Integrated cathode with in-situ grown MnCo2O4/NC/MnO2 catalyst layer for alkaline liquid fuel cells

This study was conducted to develop new fabrication techniques and achieve improved performance of the cathode in liquid fuel cells. An integrated electrode with a sandwich-structured MnCo2O4/NC/MnO2 catalyst was prepared by in-situ growth on nickel foam. The resulting integrated electrode was tested as the cathode of the alkaline direct methanol fuel cell (DMFC) and direct borohydride fuel cell (DBFC).
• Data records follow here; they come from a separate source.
(* Let $\tau$ be a continuous distributive triangle function on $\Delta^+$, $\Sigma$ a $\sigma$-ring of subsets of $\Omega\ne\emptyset$, $\gamma$ a $\tau$-decomposable measure on $\Sigma$ continuous from below, $E\in\Sigma$, and $f,g:\Omega\to[0,+\infty]$ measurable functions that are $\gamma$-integrable on $E$ and satisfy $f=g$ a.e. on $E$. Then $\int_E f\,d\gamma=\int_E g\,d\gamma$.
   Context: $\Delta^+$: functions $F:[-\infty,+\infty]\to[0,1]$ non-decreasing, left-continuous on $\mathbb{R}$, $F(x)=0$ for $x\le0$, $F(+\infty)=1$, ordered pointwise; $\varepsilon_a(x)=1$ if $x>a$, else $0$. Triangle function: symmetric, associative $\tau:\Delta^+\times\Delta^+\to\Delta^+$, non-decreasing in each variable, identity $\varepsilon_0$; $G\oplus H=\tau(G,H)$, $\bigoplus_{k=1}^nG_k=\tau(G_1,\bigoplus_{k=2}^nG_k)$. $c\odot G=\varepsilon_0$ if $c=0$, $(c\odot G)(x)=G(x/c)$ if $c>0$; $\tau$ distributive if $c\odot(G\oplus H)=(c\odot G)\oplus(c\odot H)$ for all $c\ge0$. Convergence in $\Delta^+$ is weak convergence; $\tau$ continuous if continuous for it. $\tau$-decomposable measure on a ring $\Sigma$: $\gamma:\Sigma\to\Delta^+$, $\gamma_\emptyset=\varepsilon_0$, $\gamma_{E\cup F}=\tau(\gamma_E,\gamma_F)$ for disjoint $E,F$; continuous from below: $\gamma_{E_n}\to\gamma_E$ whenever $E_n\subseteq E_{n+1}$, $\bigcup E_n=E$ in $\Sigma$. A set $F\in\Sigma$ is $\gamma$-null if $\gamma_F=\varepsilon_0$. $f=g$ a.e. on $S$ means there is a $\gamma$-null $F$ with $f(x)=g(x)$ for all $x\in S\setminus F$. Simple function $\sum_{i=1}^nx_i\chi_{E_i}$ ($x_i\in[0,\infty)$, $E_i\in\Sigma$ pairwise disjoint), $\int_Ef\,d\gamma=\bigoplus_ix_i\odot\gamma_{E\cap E_i}$. Measurable: pointwise limit of simple functions. $\mathcal S_{f,E}$: simple $\mathfrak f\le f$ on $E$. $f$ is $\gamma$-integrable on $E$ if some $H\in\Delta^+$ satisfies $\int_E\mathfrak f\,d\gamma\ge H$ for all $\mathfrak f\in\mathcal S_{f,E}$; then $\int_Ef\,d\gamma=\inf\{\int_E\mathfrak f\,d\gamma:\mathfrak f\in\mathcal S_{f,E}\}$ in $(\Delta^+,\le)$. *)

theory Defs
  imports "HOL-Analysis.Analysis"
begin
theorem proposition2:
  fixes N kT kB :: nat and A L W :: "real mat" and \<kappa> :: "nat \<Rightarrow> real"
    and cT cB :: "nat \<Rightarrow> nat set" and TT TB :: "real mat"
  assumes "N \<ge> 1"
    and "A \<in> carrier_mat N N" and "A\<^sup>T = A"
    and "\<forall>i<N. \<forall>j<N. A $$ (i,j) = 0 \<or> A $$ (i,j) = 1"
    and "W \<in> carrier_mat N N" and "W\<^sup>T = W" and "\<forall>i<N. \<forall>j<N. W $$ (i,j) \<ge> 0"
    and "L = laplacian N W"
    and "\<forall>i<N. \<kappa> i = 0 \<or> \<kappa> i = 1"
    and "bij_betw cT {..<kT} (clusters_top N (sym_group N A L (diag_K N \<kappa>)))"
    and "bij_betw cB {..<kB} (clusters_bot N (sym_group N A L (diag_K N \<kappa>)))"
    and "ordered_eigenbasis N kT (cluster_mat N kT cT) (proj_mat (cluster_mat N kT cT)) TT"
    and "ordered_eigenbasis N kB (cluster_mat N kB cB) (proj_mat (cluster_mat N kB cB)) TB"
  shows "block_diag_split N kT (TT\<^sup>T * A * TT) \<and> block_diag_split N kB (TB\<^sup>T * L * TB)"
proof -
  let ?G = "sym_group N A L (diag_K N \<kappa>)"
  have A: "A \<in> carrier_mat N N" by fact
  have L: "L \<in> carrier_mat N N" using \<open>L = laplacian N W\<close> by (simp add: laplacian_def)
  have K: "diag_K N \<kappa> \<in> carrier_mat N N" by (simp add: diag_K_def)
  have commute: "\<forall>P\<in>fst ` ?G. P * A = A * P" "\<forall>P\<in>snd ` ?G. P * L = L * P"
    unfolding sym_group_def by auto
  have "bij_betw cT {..<kT} (orbit N (fst ` ?G) ` {..<N})"
    "bij_betw cB {..<kB} (orbit N (snd ` ?G) ` {..<N})"
    using assms(10,11) unfolding clusters_top_def clusters_bot_def orbit_top_eq orbit_bot_eq .
  moreover have "TT \<in> carrier_mat N N" "TT\<^sup>T * TT = 1\<^sub>m N"
    "col_space (cols_first kT TT) = col_space (cluster_mat N kT cT)"
    "TB \<in> carrier_mat N N" "TB\<^sup>T * TB = 1\<^sub>m N"
    "col_space (cols_first kB TB) = col_space (cluster_mat N kB cB)"
    using assms(12,13) unfolding ordered_eigenbasis_def by auto
  ultimately show ?thesis
    using block_diag_split_commuting[OF perm_mat_group_sym_group(1)[OF A L K] commute(1) A]
      block_diag_split_commuting[OF perm_mat_group_sym_group(2)[OF A L K] commute(2) L]
    by blast
qed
The data indicated peak power density of 12.22 mW cm-2 for DMFC, and 33.65 mW cm-2 for DBFC. The in-situ growth of the MnCo2O4/NC/MnO2 catalyst layer, without an organic binder, indicated a superior catalytic activity to that of MnCo2O4 and MnCo2O4/NC. Moreover, stability test conducted at a constant-current discharge of 10 mA cm-2 for the integrated cathode-based DBFC revealed excellent stability for about 350 h. Compared to that of traditional cathode prepared by doctor-blade method, traditional cathode showed a significantly diminished discharge voltage. Thus, the highly dispersed nanocatalysts and the macroporous nickel foam accelerated the intrinsic catalytic activity and mass transfer in the cathode. This work provides a new strategy for the preparation and structure optimization of fuel cell electrodes. (c) 2022 Elsevier B.V. All rights reserved.

Automated summary

This study aimed to develop new fabrication techniques for improving the performance of cathodes in liquid fuel cells. An integrated electrode with a sandwich-structured MnCo2O4/NC/MnO2 catalyst was prepared by in-situ growth on nickel foam. The resulting electrode showed promising results as the cathode in direct methanol fuel cells (DMFC) and direct borohydride fuel cells (DBFC), with peak power densities of 12.22 mW cm-2 and 33.65 mW cm-2, respectively. The in-situ growth of the MnCo2O4/NC/MnO2 catalyst layer exhibited superior catalytic activity compared to other catalysts. Stability tests showed excellent performance of the integrated cathode-based DBFC for approximately 350 hours. This work provides a new strategy for the preparation and optimization of fuel cell electrodes.